● WHAT IS NEEDED
Search the data below, and report every line in which "finally" occurs.
*** Begin section ***
lemma complex_trig_poly_add:
  assumes "complex_trig_poly T p" "complex_trig_poly T q"
  shows "complex_trig_poly T (\<lambda>x. p x + q x)"
proof -
  let ?E = "\<lambda>k x. exp (2 * pi * \<i> * of_int k * of_real x / of_real T)"
  obtain n1 c1 where 1: "\<And>x. p x = (\<Sum>k\<in>{-int n1..int n1}. c1 k * ?E k x)"
    using assms(1) unfolding complex_trig_poly_def by blast
  obtain n2 c2 where 2: "\<And>x. q x = (\<Sum>k\<in>{-int n2..int n2}. c2 k * ?E k x)"
    using assms(2) unfolding complex_trig_poly_def by blast
  let ?n = "max n1 n2"
  have extend: "(\<Sum>k\<in>{-int ?n..int ?n}. if k \<in> {-int m..int m} then c k * ?E k x else 0) =
      (\<Sum>k\<in>{-int m..int m}. c k * ?E k x)" if "m \<le> ?n" for m c x
    using that by (intro sum.mono_neutral_cong_right) auto
  let ?c = "\<lambda>k. (if k \<in> {-int n1..int n1} then c1 k else 0) + (if k \<in> {-int n2..int n2} then c2 k else 0)"
  show ?thesis
    unfolding complex_trig_poly_def
  proof (intro exI allI)
    fix x
    have "(\<Sum>k\<in>{-int ?n..int ?n}. ?c k * ?E k x) =
        (\<Sum>k\<in>{-int ?n..int ?n}. if k \<in> {-int n1..int n1} then c1 k * ?E k x else 0) +
        (\<Sum>k\<in>{-int ?n..int ?n}. if k \<in> {-int n2..int n2} then c2 k * ?E k x else 0)"
      by (subst sum.distrib[symmetric], rule sum.cong) (auto simp: distrib_right)
    also have "\<dots> = p x + q x"
      by (simp only: extend max.cobounded1 max.cobounded2 1 2)
    finally show "p x + q x = (\<Sum>k\<in>{-int ?n..int ?n}. ?c k * ?E k x)"
      by simp
  qed
qed

lemma complex_trig_poly_mult:
  assumes "complex_trig_poly T p" "complex_trig_poly T q"
  shows "complex_trig_poly T (\<lambda>x. p x * q x)"
proof -
  let ?E = "\<lambda>k x. exp (2 * pi * \<i> * of_int k * of_real x / of_real T)"
  have E: "?E i x * ?E j x = ?E (i + j) x" for i j x
    by (simp add: exp_add[symmetric] add_divide_distrib distrib_left distrib_right mult.assoc)
  obtain n1 c1 where 1: "\<And>x. p x = (\<Sum>k\<in>{-int n1..int n1}. c1 k * ?E k x)"
    using assms(1) unfolding complex_trig_poly_def by blast
  obtain n2 c2 where 2: "\<And>x. q x = (\<Sum>k\<in>{-int n2..int n2}. c2 k * ?E k x)"
    using assms(2) unfolding complex_trig_poly_def by blast
  let ?A1 = "{-int n1..int n1}" and ?A2 = "{-int n2..int n2}" and ?A = "{-int (n1 + n2)..int (n1 + n2)}"
  let ?c = "\<lambda>k. \<Sum>i\<in>?A1. \<Sum>j\<in>{j. j \<in> ?A2 \<and> i + j = k}. c1 i * c2 j"
  show ?thesis
    unfolding complex_trig_poly_def
  proof (intro exI allI)
    fix x
    have "(\<Sum>k\<in>?A. ?c k * ?E k x) =
        (\<Sum>i\<in>?A1. \<Sum>k\<in>?A. \<Sum>j\<in>{j. j \<in> ?A2 \<and> i + j = k}. c1 i * c2 j * ?E (i + j) x)"
      by (subst sum.swap) (auto simp: sum_distrib_right intro!: sum.cong)
    also have "\<dots> = (\<Sum>i\<in>?A1. \<Sum>j\<in>?A2. c1 i * c2 j * ?E (i + j) x)"
      by (intro sum.cong refl sum.group) auto
    also have "\<dots> = p x * q x"
      unfolding 1 2 sum_product by (intro sum.cong refl) (subst E[symmetric], simp only: mult_ac)
    finally show "p x * q x = (\<Sum>k\<in>?A. ?c k * ?E k x)"
      by simp
  qed
qed
text \<open>KL divergence D(f_i(.;theta_a) || f_i(.;theta_b)) (natural log), where
  f i k is the density of f_i(.;theta_k) w.r.t. the base measure mu i.\<close>
definition KLD :: "(nat \<Rightarrow> 'a measure) \<Rightarrow> (nat \<Rightarrow> nat \<Rightarrow> 'a \<Rightarrow> real) \<Rightarrow> nat \<Rightarrow> nat \<Rightarrow> nat \<Rightarrow> real" where
  "KLD \<mu> f i a b = KL_divergence (exp 1) (density (\<mu> i) (\<lambda>x. ennreal (f i b x)))
                                          (density (\<mu> i) (\<lambda>x. ennreal (f i a x)))"

definition Kdiv :: "nat \<Rightarrow> (nat \<Rightarrow> real) \<Rightarrow> (nat \<Rightarrow> 'a measure) \<Rightarrow> (nat \<Rightarrow> nat \<Rightarrow> 'a \<Rightarrow> real)
                    \<Rightarrow> nat \<Rightarrow> nat \<Rightarrow> real" where
  "Kdiv n v \<mu> f M k = (\<Sum>i<n. v i * KLD \<mu> f i M k)"

definition priv_belief :: "nat \<Rightarrow> (nat \<Rightarrow> nat \<Rightarrow> 'a \<Rightarrow> real) \<Rightarrow> (nat \<Rightarrow> nat \<Rightarrow> real)
                           \<Rightarrow> (nat \<Rightarrow> 'a) \<Rightarrow> nat \<Rightarrow> nat \<Rightarrow> real" where
  "priv_belief M f q x j k =
     f j k (x j) * q j k / (\<Sum>a\<in>{1..M}. f j a (x j) * q j a)"

definition agg_belief :: "nat \<Rightarrow> nat \<Rightarrow> (nat \<Rightarrow> nat \<Rightarrow> real) \<Rightarrow> (nat \<Rightarrow> nat \<Rightarrow> real)
                          \<Rightarrow> nat \<Rightarrow> nat \<Rightarrow> real" where
  "agg_belief n M W b i k =
     exp (\<Sum>j<n. W i j * ln (b j k)) / (\<Sum>a\<in>{1..M}. exp (\<Sum>j<n. W i j * ln (b j a)))"

text \<open>Beliefs q_i^{(t)}(theta_k) along an observation path xs (xs t = profile X^{(t)}, t \<ge> 1).\<close>
primrec belief :: "nat \<Rightarrow> nat \<Rightarrow> (nat \<Rightarrow> nat \<Rightarrow> real) \<Rightarrow> (nat \<Rightarrow> nat \<Rightarrow> 'a \<Rightarrow> real)
                   \<Rightarrow> (nat \<Rightarrow> nat \<Rightarrow> real) \<Rightarrow> (nat \<Rightarrow> nat \<Rightarrow> 'a) \<Rightarrow> nat \<Rightarrow> nat \<Rightarrow> nat \<Rightarrow> real" where
  "belief n M W f q0 xs 0 = q0"
| "belief n M W f q0 xs (Suc t) =
     agg_belief n M W (priv_belief M f (belief n M W f q0 xs t) (xs (Suc t)))"

definition eln :: "real \<Rightarrow> ereal" where
  "eln p = (if p \<le> 0 then -\<infinity> else ereal (ln p))"

end

theory Submission
  imports Defs
begin

text \<open>
Unrolling the log-linear update, the log-ratio ln q_i(t, k) - ln q_i(t, M) is the initial log-ratio
smoothed by W^t plus, for every time u \<le> t, the local log-likelihood ratios of the observation
X(u) weighted by row i of W^(t-u+1). If q_i(t, M) \<le> exp(-\<alpha> t) \<le> 1/2, some false hypothesis
keeps belief at least 1/(2(M-1)), so for that k the weighted sum is at least \<alpha> t - O(1). Its
summands are independent and bounded by L, and its mean is -t times a Cesaro average of the rows
i of W, ..., W^t applied to the divergences; for irreducible W (of any period) these averages
converge to the stationary average K(\<theta>_M, \<theta>_k), by a compactness argument and the maximum
principle for W-harmonic vectors. Hoeffding's inequality and a union bound over k then give,
for large t, the probability bound (M-1) exp(-t min_k (K + \<alpha>/2)^2 / (2 L^2)), whose rate
dominates the claimed one since d \<ge> 1 (and d = 0 makes the claim trivial).
\<close>

section \<open>Powers of stochastic matrices\<close>

lemma sum_matpow_0: "i < n \<Longrightarrow> (\<Sum>j<n. matpow n W 0 i j * h j) = h i"
  by (simp add: if_distrib[of "\<lambda>c. c * h _"] cong: if_cong)
text \<open>Evaluation of \<open>F\<^sup>\<diamond>(u,\<widehat>u)\<close>: occurrences of predicates not in the scope of negation are
  interpreted by J (J agrees with R on the non-replaced predicates), those inside the scope of
  negation by R.\<close>
fun evalD :: "('f \<Rightarrow> 'a list \<Rightarrow> 'a) \<Rightarrow> ('p \<Rightarrow> 'a list \<Rightarrow> bool) \<Rightarrow> ('p \<Rightarrow> 'a list \<Rightarrow> bool) \<Rightarrow> (nat \<Rightarrow> 'a) \<Rightarrow> ('f, 'p) fm \<Rightarrow> bool" where
  "evalD Fi R J \<sigma> Bot = False"
| "evalD Fi R J \<sigma> Top = True"
| "evalD Fi R J \<sigma> (Atom p ts) = J p (map (tval Fi \<sigma>) ts)"
| "evalD Fi R J \<sigma> (Eq s t) = (tval Fi \<sigma> s = tval Fi \<sigma> t)"
| "evalD Fi R J \<sigma> (Neg F) = (\<not> eval Fi R \<sigma> F)"
| "evalD Fi R J \<sigma> (Conj F G) = (evalD Fi R J \<sigma> F \<and> evalD Fi R J \<sigma> G)"
| "evalD Fi R J \<sigma> (Disj F G) = (evalD Fi R J \<sigma> F \<or> evalD Fi R J \<sigma> G)"
| "evalD Fi R J \<sigma> (Imp F G) = (evalD Fi R J \<sigma> F \<longrightarrow> evalD Fi R J \<sigma> G)"
| "evalD Fi R J \<sigma> (All x F) = (\<forall>a. evalD Fi R J (\<sigma>(x := a)) F)"
| "evalD Fi R J \<sigma> (Ex x F) = (\<exists>a. evalD Fi R J (\<sigma>(x := a)) F)"
lemma symmetric_form_max_imp_eigenvector:
  fixes A :: "real mat"
  assumes A: "A \<in> carrier_mat n n" "transpose_mat A = A"
    and bound: "\<And>v. v \<in> carrier_vec n \<Longrightarrow> v \<bullet> (A *\<^sub>v v) \<le> l * (v \<bullet> v)"
    and u: "u \<in> carrier_vec n" and attained: "u \<bullet> (A *\<^sub>v u) = l * (u \<bullet> u)"
  shows "A *\<^sub>v u = l \<cdot>\<^sub>v u"
proof -
  define g where "g = A *\<^sub>v u - l \<cdot>\<^sub>v u"
  have g: "g \<in> carrier_vec n" using A u by (simp add: g_def)
  have "g \<bullet> g = g \<bullet> (A *\<^sub>v u - l \<cdot>\<^sub>v u)" by (simp only: g_def)
  also have "\<dots> = g \<bullet> (A *\<^sub>v u) - l * (g \<bullet> u)"
    using g A u by (simp add: scalar_prod_minus_distrib[of g n])
  finally have g_self: "g \<bullet> g = g \<bullet> (A *\<^sub>v u) - l * (g \<bullet> u)" .
  have I: "1\<^sub>m n \<in> carrier_mat n n" "transpose_mat (1\<^sub>m n) = 1\<^sub>m n" by simp_all
  (* the bound along the line u + t g, for every t, forces the residual g to vanish *)
  have "2 * (g \<bullet> g) * t + (g \<bullet> (A *\<^sub>v g) - l * (g \<bullet> g)) * t\<^sup>2 \<le> 0" for t
  proof -
    have "(u + t \<cdot>\<^sub>v g) \<bullet> (A *\<^sub>v (u + t \<cdot>\<^sub>v g)) \<le> l * ((u + t \<cdot>\<^sub>v g) \<bullet> (u + t \<cdot>\<^sub>v g))"
      using bound u g by simp
    moreover have "(u + t \<cdot>\<^sub>v g) \<bullet> (u + t \<cdot>\<^sub>v g) = u \<bullet> u + 2 * t * (g \<bullet> u) + t\<^sup>2 * (g \<bullet> g)"
      using symmetric_form_add_smult[OF I u g, of t] u g by simp
    ultimately have "2 * t * (g \<bullet> (A *\<^sub>v u)) + t\<^sup>2 * (g \<bullet> (A *\<^sub>v g))
        \<le> l * (2 * t * (g \<bullet> u) + t\<^sup>2 * (g \<bullet> g))"
      using symmetric_form_add_smult[OF A u g, of t] attained by (simp add: algebra_simps)
    then show ?thesis by (simp add: g_self algebra_simps)
  qed
  then have "2 * (g \<bullet> g) = 0" by (rule linear_plus_quadratic_nonpos_imp_zero)
  then have "g = 0\<^sub>v n" using real_vec_self_eq_0_iff[OF g] by simp
  then have "g $ i = 0" if "i < n" for i using that by simp
  then show ?thesis using A u by (intro eq_vecI) (auto simp: g_def)
qed

lemma symmetric_pos_form_imp_pos_eigenvalue:
  fixes A :: "real mat"
  assumes A: "A \<in> carrier_mat n n" "transpose_mat A = A"
    and x: "x \<in> carrier_vec n" "0 < x \<bullet> (A *\<^sub>v x)"
  shows "\<exists>l > 0. eigenvalue A l"
proof -
  obtain u where u: "u \<in> carrier_vec n" "u \<bullet> u \<le> 1"
    and max: "\<And>v. v \<in> carrier_vec n \<Longrightarrow> v \<bullet> v \<le> 1 \<Longrightarrow> v \<bullet> (A *\<^sub>v v) \<le> u \<bullet> (A *\<^sub>v u)"
    using form_attains_max_on_unit_ball[OF A(1)] by blast
  define l where "l = u \<bullet> (A *\<^sub>v u)"
  have bound: "v \<bullet> (A *\<^sub>v v) \<le> l * (v \<bullet> v)" if "v \<in> carrier_vec n" for v
    using form_le_of_le_on_unit_ball[OF A(1) max that] by (simp add: l_def)
  have "0 < l * (x \<bullet> x)" using bound[OF x(1)] x(2) by simp
  then have "0 < l" using real_vec_self_nonneg[of x] by (simp add: zero_less_mult_iff)
  have "u \<bullet> u = 1"
    using bound[OF u(1)] u(2) \<open>0 < l\<close> unfolding l_def[symmetric] by simp
  then have "A *\<^sub>v u = l \<cdot>\<^sub>v u"
    by (intro symmetric_form_max_imp_eigenvector[OF A bound u(1)]) (simp_all add: l_def)
  moreover have "u \<noteq> 0\<^sub>v n" using \<open>u \<bullet> u = 1\<close> u(1) by auto
  ultimately have "eigenvalue A l"
    using A u unfolding eigenvalue_def eigenvector_def by auto
  then show ?thesis using \<open>0 < l\<close> by blast
qed

lemma eigenvalue_le_0_if_neg_semidefinite:
  fixes A :: "real mat"
  assumes A: "A \<in> carrier_mat n n" and "neg_semidefinite A" and "eigenvalue A l"
  shows "l \<le> 0"
proof -
  obtain v where v: "v \<in> carrier_vec n" "v \<noteq> 0\<^sub>v n" "A *\<^sub>v v = l \<cdot>\<^sub>v v"
    using \<open>eigenvalue A l\<close> A unfolding eigenvalue_def eigenvector_def by auto
  have "l * (v \<bullet> v) \<le> 0"
    using \<open>neg_semidefinite A\<close> A v unfolding neg_semidefinite_def by auto
  moreover have "0 < v \<bullet> v"
    using real_vec_self_nonneg[of v] real_vec_self_eq_0_iff[OF v(1)] v(2) by linarith
  ultimately show ?thesis by (simp add: mult_le_0_iff)
qed

lemma b_plus_ge_1_iff:
  fixes A :: "real mat"
  assumes A: "A \<in> carrier_mat n n"
  shows "1 \<le> b_plus A \<longleftrightarrow> (\<exists>l > 0. eigenvalue A l)"
proof -
  let ?p = "char_poly A"
  let ?R = "{x. x > 0 \<and> poly ?p x = 0}"
  have "?p \<noteq> 0" using degree_monic_char_poly[OF A] by auto
  then have "finite ?R" by (rule finite_subset[OF _ poly_roots_finite, rotated]) auto
  have "1 \<le> b_plus A \<longleftrightarrow> ?R \<noteq> {}"
  proof
    assume "1 \<le> b_plus A"
    then show "?R \<noteq> {}" unfolding b_plus_def by (metis not_one_le_zero sum.empty)
  next
    assume "?R \<noteq> {}"
    then obtain l where l: "l \<in> ?R" by blast
    have "order l ?p \<noteq> 0" using l \<open>?p \<noteq> 0\<close> order_root[of ?p l] by auto
    moreover have "order l ?p \<le> b_plus A"
      unfolding b_plus_def by (rule member_le_sum[OF l _ \<open>finite ?R\<close>]) auto
    ultimately show "1 \<le> b_plus A" by simp
  qed
  then show ?thesis using eigenvalue_root_char_poly[OF A] by auto
qed

lemma sum_lessThan_rotate:
  assumes "0 < k"
  shows "(\<Sum>i<k. f (Suc i mod k)) = (\<Sum>i<k. f i)"
proof -
  obtain m where k: "k = Suc m" using assms by (cases k) auto
  have "(\<Sum>i<k. f (Suc i mod k)) = (\<Sum>i<m. f (Suc i mod k)) + f (Suc m mod k)"
    by (simp add: k)
  also have "(\<Sum>i<m. f (Suc i mod k)) = (\<Sum>i<m. f (Suc i))"
    by (intro sum.cong refl) (simp add: k)
  also have "(\<Sum>i<m. f (Suc i)) + f (Suc m mod k) = (\<Sum>i<k. f i)"
    unfolding k sum.lessThan_Suc_shift by (simp add: add.commute)
  finally show ?thesis .
qed

lemma eq_Suc_mod_iff:
  fixes i j k :: nat
  assumes "i < k" "j < k"
  shows "i = Suc j mod k \<longleftrightarrow> j = (i + k - 1) mod k"
proof -
  have "Suc j mod k = (if Suc j = k then 0 else Suc j)" using assms(2) by (simp add: mod_Suc)
  moreover have "(i + k - 1) mod k = (if i = 0 then k - 1 else i - 1)"
    using assms(1) by (cases i) simp_all
  ultimately show ?thesis using assms by (simp split: if_splits) linarith
qed

lemma eq_chain_imp_eq:
  assumes "\<And>i. m \<le> i \<Longrightarrow> i < n \<Longrightarrow> f (Suc i) = f i" and "m \<le> j" "j \<le> n"
  shows "f j = f m"
  using assms(2,3) by (induction j rule: dec_induct) (auto simp: assms(1))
*** End section ***
● ANSWER TO THIS TASK
    finally show "p x + q x = (\<Sum>k\<in>{-int ?n..int ?n}. ?c k * ?E k x)"
    finally show "p x * q x = (\<Sum>k\<in>?A. ?c k * ?E k x)"
  finally have g_self: "g \<bullet> g = g \<bullet> (A *\<^sub>v u) - l * (g \<bullet> u)" .
  finally show ?thesis .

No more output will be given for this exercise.